В три часа дня мы были на южном кладбище. Нас было немного: Я, Линь, Луизи, несколько человек из отдела, в том числе Стас с Даней, и Нана. Мы стояли у серого могильного камня, на котором было высечено: «Арима Оросаки, 97–124 гг.».
— Арима, — начал свою речь Линь, стоя подле свежей могилы, — был самым ответственным, самым чутким и верным. Нет в нашем отделе человека, превосходившего его в этом. Пусть Арима и не был выдающимся магом, он стал выдающимся другом…

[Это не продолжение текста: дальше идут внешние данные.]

lemma inner_complex_vector: "inner x y = Re (\<Sum>i\<in>UNIV. cnj (x $ i) * y $ i)"
  for x y :: "complex^'n"
  by (simp add: inner_vec_def inner_complex_def Re_sum)

lemma inner_matrix_mult_left: "inner X (M ** Y) = inner (M\<^sup>H ** X) Y"
proof -
  have "(\<Sum>i\<in>UNIV. \<Sum>j\<in>UNIV. cnj (X $ i $ j) * (M ** Y) $ i $ j)
      = (\<Sum>i\<in>UNIV. \<Sum>j\<in>UNIV. \<Sum>k\<in>UNIV. cnj (X $ i $ j) * M $ i $ k * Y $ k $ j)"
    by (simp add: matrix_matrix_mult_def sum_distrib_left mult.assoc)
  also have "\<dots> = (\<Sum>k\<in>UNIV. \<Sum>j\<in>UNIV. \<Sum>i\<in>UNIV. cnj (X $ i $ j) * M $ i $ k * Y $ k $ j)"
    by (rule sum_swap3)
  also have "\<dots> = (\<Sum>k\<in>UNIV. \<Sum>j\<in>UNIV. cnj ((M\<^sup>H ** X) $ k $ j) * Y $ k $ j)"
    by (simp add: matrix_matrix_mult_def sum_distrib_left mult_ac)
  finally show ?thesis
    by (simp add: inner_complex_matrix)
qed

lemma inner_conj_transpose: "inner (X\<^sup>H) (Y\<^sup>H) = inner X Y"
proof -
  have "inner (X\<^sup>H) (Y\<^sup>H) = (\<Sum>i\<in>UNIV. \<Sum>j\<in>UNIV. inner (X $ j $ i) (Y $ j $ i))"
    by (simp add: inner_vec_def inner_complex_def)
  also have "\<dots> = (\<Sum>j\<in>UNIV. \<Sum>i\<in>UNIV. inner (X $ j $ i) (Y $ j $ i))"
    by (rule sum.swap)
  finally show ?thesis
    by (simp add: inner_vec_def)
qed

lemma inner_matrix_mult_right: "inner X (Y ** M) = inner (X ** M\<^sup>H) Y"
proof -
  have "inner X (Y ** M) = inner (X\<^sup>H) (M\<^sup>H ** Y\<^sup>H)"
    using inner_conj_transpose[of X "Y ** M"] by (simp add: conj_transpose_mult)
  also have "\<dots> = inner ((X ** M\<^sup>H)\<^sup>H) (Y\<^sup>H)"
    by (simp add: inner_matrix_mult_left conj_transpose_mult)
  finally show ?thesis
    by (simp add: inner_conj_transpose)
qed

lemma norm_conj_transpose: "norm (M\<^sup>H) = norm M"
  by (simp add: norm_eq_sqrt_inner inner_conj_transpose)

lemma orthogonal_projector_orthogonal_left:
  assumes "orthogonal_projector P"
  shows "orthogonal (P ** X) ((mat 1 - P) ** Y)"
proof -
  have "(mat 1 - P)\<^sup>H ** (P ** X) = 0"
    using assms by (simp add: orthogonal_projector_def conj_transpose_diff matrix_diff_rdistrib
        matrix_mul_assoc)
  then show ?thesis
    by (simp add: orthogonal_def inner_matrix_mult_left)
qed

lemma orthogonal_projector_orthogonal_right:
  assumes "orthogonal_projector P"
  shows "orthogonal (X ** P) (Y ** (mat 1 - P))"
proof -
  have "X ** P ** (mat 1 - P)\<^sup>H = 0"
    using assms by (simp add: orthogonal_projector_def conj_transpose_diff matrix_diff_ldistrib
        flip: matrix_mul_assoc)
  then show ?thesis
    by (simp add: orthogonal_def inner_matrix_mult_right)
qed

lemma norm_power2_orthogonal_projector_split:
  assumes "orthogonal_projector P"
  shows "(norm X)\<^sup>2 = (norm (P ** X))\<^sup>2 + (norm ((mat 1 - P) ** X))\<^sup>2"
proof -
  have "X = P ** X + (mat 1 - P) ** X"
    by (simp add: matrix_diff_rdistrib)
  then show ?thesis
    using norm_add_Pythagorean[OF orthogonal_projector_orthogonal_left[OF assms]] by metis
qed

lemma norm_matrix_vector_le_spec_norm: "norm (M *v x) \<le> spec_norm M * norm x"
  unfolding spec_norm_def by (rule onorm) simp

lemma spec_norm_nonneg: "0 \<le> spec_norm M"
  unfolding spec_norm_def by (rule onorm_pos_le) simp

lemma inner_conj_transpose_matrix_vector: "inner (M\<^sup>H *v x) y = inner x (M *v y)"
proof -
  have "(\<Sum>j\<in>UNIV. cnj ((M\<^sup>H *v x) $ j) * y $ j) = (\<Sum>j\<in>UNIV. \<Sum>i\<in>UNIV. cnj (x $ i) * M $ i $ j * y $ j)"
    by (simp add: matrix_vector_mult_def sum_distrib_left sum_distrib_right mult_ac)
  also have "\<dots> = (\<Sum>i\<in>UNIV. \<Sum>j\<in>UNIV. cnj (x $ i) * M $ i $ j * y $ j)"
    by (rule sum.swap)
  also have "\<dots> = (\<Sum>i\<in>UNIV. cnj (x $ i) * (M *v y) $ i)"
    by (simp add: matrix_vector_mult_def sum_distrib_left mult_ac)
  finally show ?thesis
    by (simp add: inner_complex_vector)
qed

lemma spec_norm_conj_transpose_le: "spec_norm (M\<^sup>H) \<le> spec_norm M"
  unfolding spec_norm_def[of "M\<^sup>H"]
proof (rule onorm_bound[OF spec_norm_nonneg[of M]])
  fix x
  let ?y = "M\<^sup>H *v x"
  have "(norm ?y)\<^sup>2 = inner x (M *v ?y)"
    by (simp add: power2_norm_eq_inner inner_conj_transpose_matrix_vector)
  also have "\<dots> \<le> norm x * norm (M *v ?y)"
    by (rule norm_cauchy_schwarz)
  also have "\<dots> \<le> norm x * (spec_norm M * norm ?y)"
    by (simp add: mult_left_mono norm_matrix_vector_le_spec_norm)
  finally have "norm ?y * norm ?y \<le> (spec_norm M * norm x) * norm ?y"
    by (simp add: power2_eq_square mult_ac)
  then show "norm ?y \<le> spec_norm M * norm x"
    using spec_norm_nonneg[of M] by (cases "norm ?y = 0") (simp_all add: mult_le_cancel_right)
qed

«Отец» был в строгом чёрном костюме, а в руках его — красные паучьи лилии, стойко переносившие разящие капли ледяного ноябрьского ливня. Линь говорил ни тихо, ни громко. В словах его, лидера, главы отдела, не было слабости, не было потерянности. Но слова его не были взяты из списка тех речей, что заготавливают заранее. В них не было дежурности, отстранённости. Линь говорил так, словно прощался с близким для себя человеком. И эти его слова болью, тупой, оседающей, отзывались в сердце каждого.
Кто-то смотрел в небо, ища в нём ответы на смыслы бытия, кто-то вглядывался в землю, а кто-то, как Стас и Даня, курил в стороне, ни далеко, ни близко от остальных. На лицо каждого упала тень тихой грусти. Лишь Нана, придерживаемая младшей сестрой, заливалась глухими рыданиями.